[Extracted material]

lemma mean_src_exp_moment_empty:
  assumes "v \<notin> A" "1 \<le> card A" "card A \<le> n - 1" "2 \<le> n" "0 \<le> \<mu>"
  shows "1 - (1 - exp (- \<mu>)) / real (card A) \<le> (\<Sum>u\<in>A. src_exp_moment n \<mu> 0 v u) / real (card A)"
proof -
  define q where "q = real (card A)"
  have q: "1 \<le> q" "q \<le> real n - 1" using assms by (auto simp: q_def)
  have "(1 - exp (- \<mu>)) / (real n - 1) \<le> (1 - exp (- \<mu>)) / q"
    using q assms(5) by (intro divide_left_mono) auto
  then have "1 - (1 - exp (- \<mu>)) / q \<le> (exp (- \<mu>) + (real n - 2)) / (real n - 1)"
    using assms(4) by (simp add: field_simps)
  also have "\<dots> = (\<Sum>u\<in>A. (exp (- \<mu>) + (real n - 2)) / (real n - 1)) / q"
    using q by (simp add: q_def)
  also have "\<dots> = (\<Sum>u\<in>A. src_exp_moment n \<mu> 0 v u) / q"
    using assms(1) by (intro arg_cong[where f = "\<lambda>x. x / q"] sum.cong) (auto simp: src_exp_moment_def)
  finally show ?thesis by (simp add: q_def)
qed

lemma nn_integral_exp_zrp_step_occupied:
  assumes conf: "zrp_conf n r eta" "1 \<le> r" and n: "2 \<le> n" and v: "v < n"
    and X: "0 < eta v" and \<mu>: "0 \<le> \<mu>"
  shows "ennreal (exp (- \<mu> * real (eta v)) * (1 + (exp \<mu> + exp (- \<mu>) - 2) / real (card (occupied n eta))))
    \<le> (\<integral>\<^sup>+p. ennreal (exp (- \<mu> * real (zrp_step n eta (fst p) (snd p) v))) \<partial>(unif01 \<Otimes>\<^sub>M unif01))"
  unfolding nn_integral_exp_zrp_step[OF conf n v] using X v n \<mu> card_occupied_le[of n eta]
  by (intro ennreal_leI mean_src_exp_moment_occupied) (auto simp: occupied_def)

lemma nn_integral_exp_zrp_step_empty:
  assumes conf: "zrp_conf n r eta" "1 \<le> r" and n: "2 \<le> n" and v: "v < n"
    and X: "eta v = 0" and \<mu>: "0 \<le> \<mu>"
  shows "ennreal (1 - (1 - exp (- \<mu>)) / real (card (occupied n eta)))
    \<le> (\<integral>\<^sup>+p. ennreal (exp (- \<mu> * real (zrp_step n eta (fst p) (snd p) v))) \<partial>(unif01 \<Otimes>\<^sub>M unif01))"
  unfolding nn_integral_exp_zrp_step[OF conf n v] X
  using card_occupied_pos[OF conf] card_occupied_le_if_empty[of v n eta, OF v X] n \<mu> X
  by (intro ennreal_leI mean_src_exp_moment_empty) (auto simp: occupied_def)

section \<open>An exponential submartingale\<close>

locale zero_time_potential =
  fixes n r v :: nat and T lam \<mu> \<kappa> c :: real
  assumes n2: "2 \<le> n" and r1: "1 \<le> r" and vn: "v < n"
    and T_pos: "0 < T" and lam_nonneg: "0 \<le> lam" and mu_nonneg: "0 \<le> \<mu>"
    and kappa_nonneg: "0 \<le> \<kappa>" and c_pos: "0 < c"
    and kappa_le: "\<kappa> \<le> exp \<mu> + exp (- \<mu>) - 2"
    and rate_gap: "1 - exp (- \<mu>) \<le> lam - \<kappa>"
begin

definition admissible :: "zstate \<Rightarrow> bool" where
  "admissible s \<longleftrightarrow> zrp_conf n r (fst s) \<and> 0 \<le> fst (snd s) \<and> 0 \<le> snd (snd s)"

definition potential :: "zstate \<Rightarrow> ennreal" where
  "potential s =
     (if \<not> admissible s then 0
      else if c \<le> snd (snd s) then ennreal (exp (lam * c))
      else if T \<le> fst (snd s) then ennreal (exp (lam * c - \<kappa> * T))
      else ennreal (exp (lam * snd (snd s) - \<mu> * real (fst s v) - \<kappa> * fst (snd s))))"

lemma admissible_zstep:
  assumes "admissible (eta, J, Z)" "drive_regular w"
  shows "admissible (zstep n v T (eta, J, Z) w)"
proof -
  have conf: "zrp_conf n r eta" and "0 \<le> J" "0 \<le> Z" using assms(1) by (auto simp: admissible_def)
  moreover have "zrp_conf n r (zrp_step n eta (fst (snd w)) (snd (snd w)))"
    using assms(2) by (intro zrp_conf_step[OF conf r1 n2]) (auto simp: drive_regular_def)
  moreover have "0 \<le> fst w / real (card (occupied n eta))"
    using assms(2) by (simp add: drive_regular_def)
  ultimately show ?thesis by (auto simp: admissible_def zstep_eq)
qed

lemma exp_le_potential_frozen:
  assumes "admissible s" "z \<le> c" "0 \<le> j" "c \<le> snd (snd s) \<or> T \<le> fst (snd s) \<and> T \<le> j"
  shows "ennreal (exp (lam * z - \<kappa> * j)) \<le> potential s"
proof -
  have "lam * z \<le> lam * c" using assms(2) lam_nonneg by (rule mult_left_mono)
  moreover have "0 \<le> \<kappa> * j" using kappa_nonneg assms(3) by simp
  moreover have "\<kappa> * T \<le> \<kappa> * j" if "T \<le> j" using that kappa_nonneg by (rule mult_left_mono)
  ultimately show ?thesis using assms(1,4) by (auto simp: potential_def intro!: ennreal_leI)
qed

lemma exp_le_potential:
  assumes "admissible (eta, J, Z)" "z \<le> c" "z \<le> Z" "0 \<le> j" "min J T \<le> j"
  shows "ennreal (exp (lam * z - \<mu> * real (eta v) - \<kappa> * j)) \<le> potential (eta, J, Z)"
proof (cases "c \<le> Z \<or> T \<le> J")
  case True
  have "exp (lam * z - \<mu> * real (eta v) - \<kappa> * j) \<le> exp (lam * z - \<kappa> * j)"
    using mu_nonneg by simp
  also have "ennreal \<dots> \<le> potential (eta, J, Z)"
    using True assms by (intro exp_le_potential_frozen) auto
  finally show ?thesis by (simp add: ennreal_leI)
next
  case False
  have "lam * z \<le> lam * Z" using assms(3) lam_nonneg by (rule mult_left_mono)
  moreover have "\<kappa> * J \<le> \<kappa> * j" using False assms(5) kappa_nonneg by (intro mult_left_mono) auto
  ultimately show ?thesis using False assms(1) by (auto simp: potential_def intro!: ennreal_leI)
qed

lemma potential_zstep_frozen:
  assumes adm: "admissible (eta, J, Z)" and frozen: "c \<le> Z \<or> T \<le> J"
  shows "potential (eta, J, Z) \<le> (\<integral>\<^sup>+w. potential (zstep n v T (eta, J, Z) w) \<partial>zrp_drive)"
proof -
  define j where "j = (if c \<le> Z then 0 else T)"
  have pot: "potential (eta, J, Z) = ennreal (exp (lam * c - \<kappa> * j))"
    using adm frozen by (auto simp: potential_def j_def)
  have "AE w in zrp_drive. potential (eta, J, Z) \<le> potential (zstep n v T (eta, J, Z) w)"
    using AE_drive_regular
  proof eventually_elim
    case (elim w)
    have "0 \<le> fst w / real (card (occupied n eta))" using elim by (simp add: drive_regular_def)
    then show ?case unfolding pot using frozen T_pos
      by (intro exp_le_potential_frozen admissible_zstep[OF adm elim])
        (auto simp: j_def zstep_eq)
  qed
  then have "(\<integral>\<^sup>+w. potential (eta, J, Z) \<partial>zrp_drive)
      \<le> (\<integral>\<^sup>+w. potential (zstep n v T (eta, J, Z) w) \<partial>zrp_drive)"
    by (rule nn_integral_mono_AE)
  then show ?thesis by (simp add: prob_space.emeasure_space_1[OF prob_space_zrp_drive])
qed

lemma nn_integral_potential_zstep_occupied:
  assumes adm: "admissible (eta, J, Z)" and Zc: "Z < c" and X: "0 < eta v"
  defines "q \<equiv> real (card (occupied n eta))"
  shows "ennreal (exp (lam * Z - \<kappa> * J)) * (ennreal (1 / (1 + \<kappa> / q)) *
      (\<integral>\<^sup>+p. ennreal (exp (- \<mu> * real (zrp_step n eta (fst p) (snd p) v))) \<partial>(unif01 \<Otimes>\<^sub>M unif01)))
    \<le> (\<integral>\<^sup>+w. potential (zstep n v T (eta, J, Z) w) \<partial>zrp_drive)"
proof -
  have conf: "zrp_conf n r eta" and J0: "0 \<le> J" using adm by (auto simp: admissible_def)
  have q: "0 < q" using card_occupied_pos[OF conf r1] by (simp add: q_def)
  define K where "K = exp (lam * Z - \<kappa> * J)"
  define F where "F x = ennreal (exp (- (\<kappa> / q) * x))" for x
  define G where "G p = ennreal (exp (- \<mu> * real (zrp_step n eta (fst p) (snd p) v)))" for p
  have mF: "F \<in> borel_measurable borel" unfolding F_def by measurable
  have mG: "G \<in> borel_measurable (unif01 \<Otimes>\<^sub>M unif01)"
    unfolding G_def by (rule measurable_zrp_step_unif01)
  have "(\<integral>\<^sup>+x. F x \<partial>exp1) = ennreal (1 / (1 + \<kappa> / q))"
    unfolding F_def using q kappa_nonneg
    by (intro nn_integral_exp1_exp_neg) (smt (verit) divide_nonneg_pos)
  then have "ennreal K * (ennreal (1 / (1 + \<kappa> / q)) * (\<integral>\<^sup>+y. G y \<partial>(unif01 \<Otimes>\<^sub>M unif01)))
      = (\<integral>\<^sup>+w. ennreal K * (F (fst w) * G (snd w)) \<partial>zrp_drive)"
    using measurable_zrp_drive_mult[OF mF mG] nn_integral_zrp_drive_mult[OF mF mG]
    by (simp add: nn_integral_cmult)
  also have "\<dots> \<le> (\<integral>\<^sup>+w. potential (zstep n v T (eta, J, Z) w) \<partial>zrp_drive)"
  proof (rule nn_integral_mono_AE)
    show "AE w in zrp_drive. ennreal K * (F (fst w) * G (snd w)) \<le> potential (zstep n v T (eta, J, Z) w)"
      using AE_drive_regular
    proof eventually_elim
      case (elim w)
      define h where "h = fst w / q"
      have "0 \<le> h" using elim q by (simp add: drive_regular_def h_def)
      have "ennreal K * (F (fst w) * G (snd w))
          = ennreal (exp (lam * Z - \<mu> * real (zrp_step n eta (fst (snd w)) (snd (snd w)) v) - \<kappa> * (J + h)))"
        by (simp add: F_def G_def K_def h_def ennreal_mult[symmetric] exp_add[symmetric] algebra_simps)
      also have "\<dots> \<le> potential (zstep n v T (eta, J, Z) w)"
        using admissible_zstep[OF adm elim] Zc J0 \<open>0 \<le> h\<close> X
        by (simp add: zstep_eq h_def q_def exp_le_potential)
      finally show ?case .
    qed
  qed
  finally show ?thesis by (simp add: K_def G_def)
qed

[/Extracted material]

# [Requirement]
Using the entries shown above, reproduce verbatim the lines from the line bearing "assms(3) by simp" to the line bearing "using True assms", inclusive.

# [Exercise result]
  moreover have "0 \<le> \<kappa> * j" using kappa_nonneg assms(3) by simp
  moreover have "\<kappa> * T \<le> \<kappa> * j" if "T \<le> j" using that kappa_nonneg by (rule mult_left_mono)
  ultimately show ?thesis using assms(1,4) by (auto simp: potential_def intro!: ennreal_leI)
qed

lemma exp_le_potential:
  assumes "admissible (eta, J, Z)" "z \<le> c" "z \<le> Z" "0 \<le> j" "min J T \<le> j"
  shows "ennreal (exp (lam * z - \<mu> * real (eta v) - \<kappa> * j)) \<le> potential (eta, J, Z)"
proof (cases "c \<le> Z \<or> T \<le> J")
  case True
  have "exp (lam * z - \<mu> * real (eta v) - \<kappa> * j) \<le> exp (lam * z - \<kappa> * j)"
    using mu_nonneg by simp
  also have "ennreal \<dots> \<le> potential (eta, J, Z)"
    using True assms by (intro exp_le_potential_frozen) auto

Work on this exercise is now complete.